Partially because my non-running ability hits me too...
because of too many pieces of Christmas pie.
Followed by too many pieces of Christmas cookies.
And Christmas chips.
And not enough Christmas salads.

You get the point....

Anyway...
because of all of the above mentioned reasons....
I start walking
and i remember once again it's not for me to know why.

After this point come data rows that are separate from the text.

lemma ancestor_pairs_trans: "trans (ancestor_pairs k F)"
proof (induction k F rule: ancestor_pairs.induct)
  case (2 k cs ts)
  let ?m = "Suc k + fsize cs"
  show ?case
  proof (rule transI)
    fix a b c
    assume ab: "(a, b) \<in> ancestor_pairs k (Node cs # ts)"
      and bc: "(b, c) \<in> ancestor_pairs k (Node cs # ts)"
    have "k < a" "a < b" "k < b" "b < c" using ab bc by (auto dest: ancestor_pairs_bounds)
    from ab consider "a = Suc k" "b \<le> ?m" | "(a, b) \<in> ancestor_pairs (Suc k) cs"
      | "(a, b) \<in> ancestor_pairs ?m ts" by auto
    then show "(a, c) \<in> ancestor_pairs k (Node cs # ts)"
    proof cases
      case 1
      then have "(b, c) \<in> ancestor_pairs (Suc k) cs"
        using bc \<open>a < b\<close> ancestor_pairs_bounds[of b c ?m ts] by auto
      then show ?thesis using 1 ancestor_pairs_bounds[of b c "Suc k" cs] by auto
    next
      case 2
      then have "(b, c) \<in> ancestor_pairs (Suc k) cs"
        using bc \<open>a < b\<close> ancestor_pairs_bounds[of a b "Suc k" cs]
          ancestor_pairs_bounds[of b c ?m ts]
        by auto
      then show ?thesis using 2 "2.IH"(1) by (auto dest: transD)
    next
      case 3
      then have "(b, c) \<in> ancestor_pairs ?m ts"
        using bc \<open>a < b\<close> ancestor_pairs_bounds[of a b ?m ts]
          ancestor_pairs_bounds[of b c "Suc k" cs]
        by auto
      then show ?thesis using 3 "2.IH"(2) by (auto dest: transD)
    qed
  qed
qed simp

lemma ancestor_pairs_convex:
  "(a, c) \<in> ancestor_pairs k F \<Longrightarrow> a < b \<Longrightarrow> b < c \<Longrightarrow> (a, b) \<in> ancestor_pairs k F"
  by (induction k F arbitrary: a c rule: ancestor_pairs.induct) auto

lemma finite_ancestor_pairs: "finite (ancestor_pairs k F)"
  by (induction k F rule: ancestor_pairs.induct) auto

lemma ancestor_pairs_disjoint_root: "k \<le> j \<Longrightarrow> ({k} \<times> B) \<inter> ancestor_pairs j F = {}"
  by (auto dest: ancestor_pairs_bounds)

lemma ancestor_pairs_children_siblings_disjoint:
  "ancestor_pairs (Suc k) cs \<inter> ancestor_pairs (Suc k + fsize cs) ts = {}"
  by (fastforce dest: ancestor_pairs_bounds)

section \<open>Moves that shrink the ancestor relation\<close>

lemma forest_step_fsize: "forest_step F F' \<Longrightarrow> fsize F' = fsize F"
  by (induction rule: forest_step.induct) (simp_all add: fsize_def)

lemma forest_step_Cons: "forest_step F F' \<Longrightarrow> forest_step (t # F) (t # F')"
proof (induction rule: forest_step.induct)
  case (root ts1 cs c ts2)
  then show ?case using forest_step.root[of "t # ts1" cs c ts2] by simp
next
  case (deep cs cs' ts1 ts2)
  then show ?case using forest_step.deep[of cs cs' "t # ts1" ts2] by simp
qed

definition step_toward :: "(nat \<times> nat) set \<Rightarrow> nat \<Rightarrow> oforest \<Rightarrow> oforest \<Rightarrow> bool" where
  "step_toward R k G G' \<longleftrightarrow> forest_step G G' \<and>
     ancestor_pairs k G \<inter> R \<subseteq> ancestor_pairs k G' \<and> ancestor_pairs k G' \<subset> ancestor_pairs k G"

lemma shrink_disjoint_part:
  assumes "X' \<subset> X" "X \<inter> R \<subseteq> X'" "X \<inter> Y = {}"
  shows "(Y \<union> X) \<inter> R \<subseteq> Y \<union> X'" "Y \<union> X' \<subset> Y \<union> X"
  using assms by blast+

lemma step_toward_children:
  assumes "step_toward R (Suc k) cs cs'"
  shows "step_toward R k (Node cs # ts) (Node cs' # ts)"
proof -
  let ?rest = "{Suc k} \<times> {Suc k<..Suc k + fsize cs} \<union> ancestor_pairs (Suc k + fsize cs) ts"
  have "forest_step cs cs'" and keep: "ancestor_pairs (Suc k) cs \<inter> R \<subseteq> ancestor_pairs (Suc k) cs'"
    and shrink: "ancestor_pairs (Suc k) cs' \<subset> ancestor_pairs (Suc k) cs"
    using assms unfolding step_toward_def by simp_all
  then have "fsize cs' = fsize cs" by (simp add: forest_step_fsize)
  have step: "forest_step (Node cs # ts) (Node cs' # ts)"
    using forest_step.deep[OF \<open>forest_step cs cs'\<close>, of "[]" ts] by simp
  have D: "ancestor_pairs k (Node cs # ts) = ?rest \<union> ancestor_pairs (Suc k) cs"
    "ancestor_pairs k (Node cs' # ts) = ?rest \<union> ancestor_pairs (Suc k) cs'"
    using \<open>fsize cs' = fsize cs\<close> by (simp_all add: Un_ac)
  have "({Suc k} \<times> {Suc k<..Suc k + fsize cs}) \<inter> ancestor_pairs (Suc k) cs = {}"
    by (rule ancestor_pairs_disjoint_root) simp
  then have "ancestor_pairs (Suc k) cs \<inter> ?rest = {}"
    using ancestor_pairs_children_siblings_disjoint[of k cs ts] by blast
  then show ?thesis
    unfolding step_toward_def D using step shrink_disjoint_part[OF shrink keep] by simp
qed

lemma step_toward_siblings:
  assumes "step_toward R (Suc k + fsize cs) ts ts'"
  shows "step_toward R k (Node cs # ts) (Node cs # ts')"
proof -
  let ?rest = "{Suc k} \<times> {Suc k<..Suc k + fsize cs} \<union> ancestor_pairs (Suc k) cs"
  have "forest_step ts ts'"
    and keep: "ancestor_pairs (Suc k + fsize cs) ts \<inter> R \<subseteq> ancestor_pairs (Suc k + fsize cs) ts'"
    and shrink: "ancestor_pairs (Suc k + fsize cs) ts' \<subset> ancestor_pairs (Suc k + fsize cs) ts"
    using assms unfolding step_toward_def by simp_all
  have D: "ancestor_pairs k (Node cs # us) = ?rest \<union> ancestor_pairs (Suc k + fsize cs) us" for us
    by simp
  have "({Suc k} \<times> {Suc k<..Suc k + fsize cs}) \<inter> ancestor_pairs (Suc k + fsize cs) ts = {}"
    by (rule ancestor_pairs_disjoint_root) simp
  then have "ancestor_pairs (Suc k + fsize cs) ts \<inter> ?rest = {}"
    using ancestor_pairs_children_siblings_disjoint[of k cs ts] by blast
  note parts = shrink_disjoint_part[OF shrink keep this]
  show ?thesis
    unfolding step_toward_def D using forest_step_Cons[OF \<open>forest_step ts ts'\<close>] parts by blast
qed

lemma ancestor_pairs_root_step:
  "ancestor_pairs k (Node cs # Node es # ts) =
     ancestor_pairs k (Node (cs @ [Node es]) # ts)
     - {Suc k} \<times> {Suc k + fsize cs<..Suc (Suc k + fsize cs + fsize es)}"
proof -
  let ?m = "Suc k + fsize cs"
  let ?moved = "{Suc k} \<times> {?m<..Suc (?m + fsize es)}"
  let ?kept = "ancestor_pairs k (Node cs # Node es # ts)"
  have "?kept =
      {Suc k} \<times> {Suc k<..?m} \<union> ancestor_pairs (Suc k) cs
      \<union> ancestor_pairs ?m (Node es # ts)"
    by simp
  moreover have "ancestor_pairs k (Node (cs @ [Node es]) # ts) =
      {Suc k} \<times> {Suc k<..?m} \<union> ancestor_pairs (Suc k) cs
      \<union> ancestor_pairs ?m (Node es # ts) \<union> ?moved"
    by (auto simp: ancestor_pairs_append add.assoc)
  moreover have "?moved \<inter> ancestor_pairs (Suc k) cs = {}"
    "?moved \<inter> ancestor_pairs ?m (Node es # ts) = {}"
    by (rule ancestor_pairs_disjoint_root, simp)+
  ultimately have "?moved \<inter> ?kept = {}"
    and whole: "ancestor_pairs k (Node (cs @ [Node es]) # ts) = ?kept \<union> ?moved"
    by auto
  then show ?thesis unfolding whole by blast
qed

lemma step_toward_root:
  assumes notin: "(Suc k, Suc (Suc k + fsize cs)) \<notin> R"
    and convex: "\<And>x y z. (x, z) \<in> R \<Longrightarrow> x < y \<Longrightarrow> y < z \<Longrightarrow> (x, y) \<in> R"
  shows "step_toward R k (Node (cs @ [Node es]) # ts) (Node cs # Node es # ts)"
proof -
  let ?d = "Suc (Suc k + fsize cs)"
  let ?moved = "{Suc k} \<times> {Suc k + fsize cs<..Suc (Suc k + fsize cs + fsize es)}"
  have step: "forest_step (Node (cs @ [Node es]) # ts) (Node cs # Node es # ts)"
    using forest_step.root[of "[]" cs "Node es" ts] by simp
  have "?moved \<inter> R = {}"
  proof (rule equals0I)
    fix p assume "p \<in> ?moved \<inter> R"
    then obtain x where "?d \<le> x" "(Suc k, x) \<in> R" by (force simp: Suc_le_eq)
    then have "(Suc k, ?d) \<in> R" using convex[of "Suc k" x ?d] by (cases "x = ?d") auto
    with notin show False by simp
  qed
  moreover have "(Suc k, ?d) \<in> ancestor_pairs k (Node (cs @ [Node es]) # ts)" "(Suc k, ?d) \<in> ?moved"
    by simp_all
  ultimately show ?thesis
    unfolding step_toward_def ancestor_pairs_root_step using step by blast
qed

(* Let d be the root of the last child of the first root. If (Suc k, d) is not in R, then by
   convexity no pair deleted by the root move lies in R; otherwise b lies below d, and by
   transitivity (d, b) is not in R. *)
lemma step_toward_from_root_pair:
  assumes "(Suc k, b) \<notin> R" "Suc k < b" "b \<le> Suc k + fsize ds" "trans R"
    and convex: "\<And>x y z. (x, z) \<in> R \<Longrightarrow> x < y \<Longrightarrow> y < z \<Longrightarrow> (x, y) \<in> R"
  shows "(\<exists>G'. step_toward R k (Node ds # us) G') \<or>
    (\<exists>d. (d, b) \<in> ancestor_pairs (Suc k) ds \<and> (d, b) \<notin> R)"
proof -
  from assms(2,3) have "ds \<noteq> []" by auto
  then obtain cs e where "ds = cs @ [e]" by (cases ds rule: rev_cases) simp_all
  moreover obtain es where "e = Node es" by (cases e)
  ultimately have ds: "ds = cs @ [Node es]" by simp
  let ?d = "Suc (Suc k + fsize cs)"
  show ?thesis
  proof (cases "(Suc k, ?d) \<in> R")
    case False
    have "step_toward R k (Node (cs @ [Node es]) # us) (Node cs # Node es # us)"
      by (rule step_toward_root[OF False]) (rule convex)
    then show ?thesis unfolding ds by blast
  next
    case True
    have "?d < b"
    proof (rule ccontr)
      assume "\<not> ?d < b"
      then have "(Suc k, b) \<in> R"
        using True convex[of "Suc k" ?d b] assms(2) by (cases "b = ?d") auto
      then show False using assms(1) by simp
    qed
    then have "(?d, b) \<in> ancestor_pairs (Suc k) ds"
      using assms(3) unfolding ds by (simp add: ancestor_pairs_append)
    moreover have "(?d, b) \<notin> R" using True assms(1,4) by (meson transD)
    ultimately show ?thesis by blast
  qed
qed

lemma exists_step_toward:
  assumes "(a, b) \<in> ancestor_pairs k G" "(a, b) \<notin> R" "trans R"
    and convex: "\<And>x y z. (x, z) \<in> R \<Longrightarrow> x < y \<Longrightarrow> y < z \<Longrightarrow> (x, y) \<in> R"
  shows "\<exists>G'. step_toward R k G G'"
  using assms(1,2)
proof (induction k G arbitrary: a b rule: ancestor_pairs.induct)
  case (1 k)
  then show ?case by simp
next
  case (2 k ds us)
  from "2.prems"(1) consider "a = Suc k" "Suc k < b" "b \<le> Suc k + fsize ds"
    | "(a, b) \<in> ancestor_pairs (Suc k) ds" | "(a, b) \<in> ancestor_pairs (Suc k + fsize ds) us"
    by auto
  then show ?case
  proof cases
    case 2
    then obtain ds' where "step_toward R (Suc k) ds ds'" using "2.IH"(1) "2.prems"(2) by blast
    then show ?thesis using step_toward_children by blast
  next
    case 3
    then obtain us' where "step_toward R (Suc k + fsize ds) us us'"
      using "2.IH"(2) "2.prems"(2) by blast
    then show ?thesis using step_toward_siblings by blast
  next
    case 1
    then have "(Suc k, b) \<notin> R" using "2.prems"(2) by simp
    have "(\<exists>G'. step_toward R k (Node ds # us) G') \<or>
        (\<exists>d. (d, b) \<in> ancestor_pairs (Suc k) ds \<and> (d, b) \<notin> R)"
      by (rule step_toward_from_root_pair[OF \<open>(Suc k, b) \<notin> R\<close> 1(2,3) \<open>trans R\<close>]) (rule convex)
    then show ?thesis using "2.IH"(1) step_toward_children by blast
  qed
qed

But even in that moment of undeniable truth
that it's not for me to know...
still want to know.
Just this once.
"I'll never ask again if you tell me now" I pray.
I try and barter this and that and say pretty please.
I say why a hundred-thousand times again.


Eventually
I just decide to shut up.
Excuse my language.

I'm just quiet.

And at first my prayers seem to be met with deafening silence.
Because the heavens did not open up and give me the answer
to my why.

But eventually
as I stay quiet,
I realize
that my prayers are not in fact being met with silence........
but met with peace.

The peace that passes all understanding.

when I finally do stop talking
and complaining
and questioning
and start listening...
I do stop asking why.
I don't ask even one more time.
not even silently.
not even a little bit.
I don't even want to know.

and I feel at peace.

So I calmly turn around
and walk back towards home.
thanking Him for peace.
and asking Him for nothing else.
because surely and positively He's given me more than
I deserve.
and that needs to be enough.
It is enough.
and it's not for me to ask what or when or why.

I'm just to stay quiet
and keep aspiring to please Him
in my actions and words and thoughts
and say
Thank You.

and then say nothing else.

even when it's hard.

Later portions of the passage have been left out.